The answer must consist of the listing, reproduced exactly.

SOURCE MATERIAL =>
────

(* Let $\mathcal M=\langle M,<,+,\dots\rangle$ be a linear o-minimal expansion of an ordered group. Let $a<b$, $c<d$ in $M$ and let $h:[a,b]\times[c,d]\to M$ be an $\mathcal L$-definable continuous function such that for every $t\in(a,b)$, the map $h(t,-):[c,d]\to M$ is strictly increasing. Then $h(b,d)-h(b,c)>0$.
   Context: $\mathcal L$-definable means definable in $\mathcal M$ with parameters. A function $f:B\subseteq M^n\to M$ is affine if $f(x+t)-f(x)=f(y+t)-f(y)$ whenever $x,y,x+t,y+t\in B$; $\mathcal M$ is linear if every definable $f:B\subseteq M^n\to M$ is affine on each piece of some finite partition of $B$ into definable sets. *)

theory Defs
  imports "HOL-Analysis.Analysis"
begin

text \<open>A first-order structure on the carrier 'a is represented, following van den Dries,
by the family S of its definable (with parameters) sets: S n is a collection of subsets of
M^n, where M^n is represented as the lists of length n.\<close>

definition tuples :: "nat \<Rightarrow> 'a list set" where
  "tuples n = {xs. length xs = n}"

definition o_minimal_expansion_of_ordered_group ::
  "(nat \<Rightarrow> ('a::{linordered_ab_group_add, linorder_topology}) list set set) \<Rightarrow> bool" where
  "o_minimal_expansion_of_ordered_group S \<longleftrightarrow>
     \<comment> \<open>each S n is a Boolean algebra of subsets of M^n\<close>
     (\<forall>n. \<forall>A\<in>S n. A \<subseteq> tuples n) \<and>
     (\<forall>n. tuples n \<in> S n) \<and>
     (\<forall>n. \<forall>A\<in>S n. tuples n - A \<in> S n) \<and>
     (\<forall>n. \<forall>A\<in>S n. \<forall>B\<in>S n. A \<union> B \<in> S n) \<and>
     \<comment> \<open>cylinders\<close>
     (\<forall>n. \<forall>A\<in>S n. {x # xs | x xs. xs \<in> A} \<in> S (Suc n)) \<and>
     (\<forall>n. \<forall>A\<in>S n. {xs @ [x] | x xs. xs \<in> A} \<in> S (Suc n)) \<and>
     \<comment> \<open>diagonals\<close>
     (\<forall>n i j. i < n \<longrightarrow> j < n \<longrightarrow> {xs \<in> tuples n. xs ! i = xs ! j} \<in> S n) \<and>
     \<comment> \<open>projections (onto the first n coordinates)\<close>
     (\<forall>n. \<forall>A\<in>S (Suc n). butlast ` A \<in> S n) \<and>
     \<comment> \<open>parameters: every point is definable\<close>
     (\<forall>x. {[x]} \<in> S 1) \<and>
     \<comment> \<open>the language contains < and +\<close>
     {[x, y] | x y. x < y} \<in> S 2 \<and>
     {[x, y, x + y] | x y. True} \<in> S 3 \<and>
     \<comment> \<open>the underlying order is dense\<close>
     (\<forall>x y::'a. x < y \<longrightarrow> (\<exists>z. x < z \<and> z < y)) \<and>
     \<comment> \<open>o-minimality: definable subsets of M are finite unions of points and open intervals\<close>
     (\<forall>A\<in>S 1. \<exists>F. finite F \<and> {x. [x] \<in> A} = \<Union>F \<and>
        (\<forall>I\<in>F. (\<exists>p. I = {p}) \<or> (\<exists>p q. I = {p<..<q}) \<or> (\<exists>p. I = {p<..}) \<or>
                 (\<exists>q. I = {..<q}) \<or> I = UNIV))"

definition vadd :: "'a::plus list \<Rightarrow> 'a list \<Rightarrow> 'a list" where
  "vadd xs ys = map2 (+) xs ys"

definition affine_on :: "'a::ab_group_add list set \<Rightarrow> ('a list \<Rightarrow> 'a) \<Rightarrow> bool" where
  "affine_on B f \<longleftrightarrow>
     (\<forall>x y t. x \<in> B \<longrightarrow> y \<in> B \<longrightarrow> length t = length x \<longrightarrow>
        vadd x t \<in> B \<longrightarrow> vadd y t \<in> B \<longrightarrow>
        f (vadd x t) - f x = f (vadd y t) - f y)"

────

WRITTEN RESPONSE =>
(* Let $\mathcal M=\langle M,<,+,\dots\rangle$ be a linear o-minimal expansion of an ordered group. Let $a<b$, $c<d$ in $M$ and let $h:[a,b]\times[c,d]\to M$ be an $\mathcal L$-definable continuous function such that for every $t\in(a,b)$, the map $h(t,-):[c,d]\to M$ is strictly increasing. Then $h(b,d)-h(b,c)>0$.
   Context: $\mathcal L$-definable means definable in $\mathcal M$ with parameters. A function $f:B\subseteq M^n\to M$ is affine if $f(x+t)-f(x)=f(y+t)-f(y)$ whenever $x,y,x+t,y+t\in B$; $\mathcal M$ is linear if every definable $f:B\subseteq M^n\to M$ is affine on each piece of some finite partition of $B$ into definable sets. *)

theory Defs
  imports "HOL-Analysis.Analysis"
begin

text \<open>A first-order structure on the carrier 'a is represented, following van den Dries,
by the family S of its definable (with parameters) sets: S n is a collection of subsets of
M^n, where M^n is represented as the lists of length n.\<close>

definition tuples :: "nat \<Rightarrow> 'a list set" where
  "tuples n = {xs. length xs = n}"

definition o_minimal_expansion_of_ordered_group ::
  "(nat \<Rightarrow> ('a::{linordered_ab_group_add, linorder_topology}) list set set) \<Rightarrow> bool" where
  "o_minimal_expansion_of_ordered_group S \<longleftrightarrow>
     \<comment> \<open>each S n is a Boolean algebra of subsets of M^n\<close>
     (\<forall>n. \<forall>A\<in>S n. A \<subseteq> tuples n) \<and>
     (\<forall>n. tuples n \<in> S n) \<and>
     (\<forall>n. \<forall>A\<in>S n. tuples n - A \<in> S n) \<and>
     (\<forall>n. \<forall>A\<in>S n. \<forall>B\<in>S n. A \<union> B \<in> S n) \<and>
     \<comment> \<open>cylinders\<close>
     (\<forall>n. \<forall>A\<in>S n. {x # xs | x xs. xs \<in> A} \<in> S (Suc n)) \<and>
     (\<forall>n. \<forall>A\<in>S n. {xs @ [x] | x xs. xs \<in> A} \<in> S (Suc n)) \<and>
     \<comment> \<open>diagonals\<close>
     (\<forall>n i j. i < n \<longrightarrow> j < n \<longrightarrow> {xs \<in> tuples n. xs ! i = xs ! j} \<in> S n) \<and>
     \<comment> \<open>projections (onto the first n coordinates)\<close>
     (\<forall>n. \<forall>A\<in>S (Suc n). butlast ` A \<in> S n) \<and>
     \<comment> \<open>parameters: every point is definable\<close>
     (\<forall>x. {[x]} \<in> S 1) \<and>
     \<comment> \<open>the language contains < and +\<close>
     {[x, y] | x y. x < y} \<in> S 2 \<and>
     {[x, y, x + y] | x y. True} \<in> S 3 \<and>
     \<comment> \<open>the underlying order is dense\<close>
     (\<forall>x y::'a. x < y \<longrightarrow> (\<exists>z. x < z \<and> z < y)) \<and>
     \<comment> \<open>o-minimality: definable subsets of M are finite unions of points and open intervals\<close>
     (\<forall>A\<in>S 1. \<exists>F. finite F \<and> {x. [x] \<in> A} = \<Union>F \<and>
        (\<forall>I\<in>F. (\<exists>p. I = {p}) \<or> (\<exists>p q. I = {p<..<q}) \<or> (\<exists>p. I = {p<..}) \<or>
                 (\<exists>q. I = {..<q}) \<or> I = UNIV))"

definition vadd :: "'a::plus list \<Rightarrow> 'a list \<Rightarrow> 'a list" where
  "vadd xs ys = map2 (+) xs ys"

definition affine_on :: "'a::ab_group_add list set \<Rightarrow> ('a list \<Rightarrow> 'a) \<Rightarrow> bool" where
  "affine_on B f \<longleftrightarrow>
     (\<forall>x y t. x \<in> B \<longrightarrow> y \<in> B \<longrightarrow> length t = length x \<longrightarrow>
        vadd x t \<in> B \<longrightarrow> vadd y t \<in> B \<longrightarrow>
        f (vadd x t) - f x = f (vadd y t) - f y)"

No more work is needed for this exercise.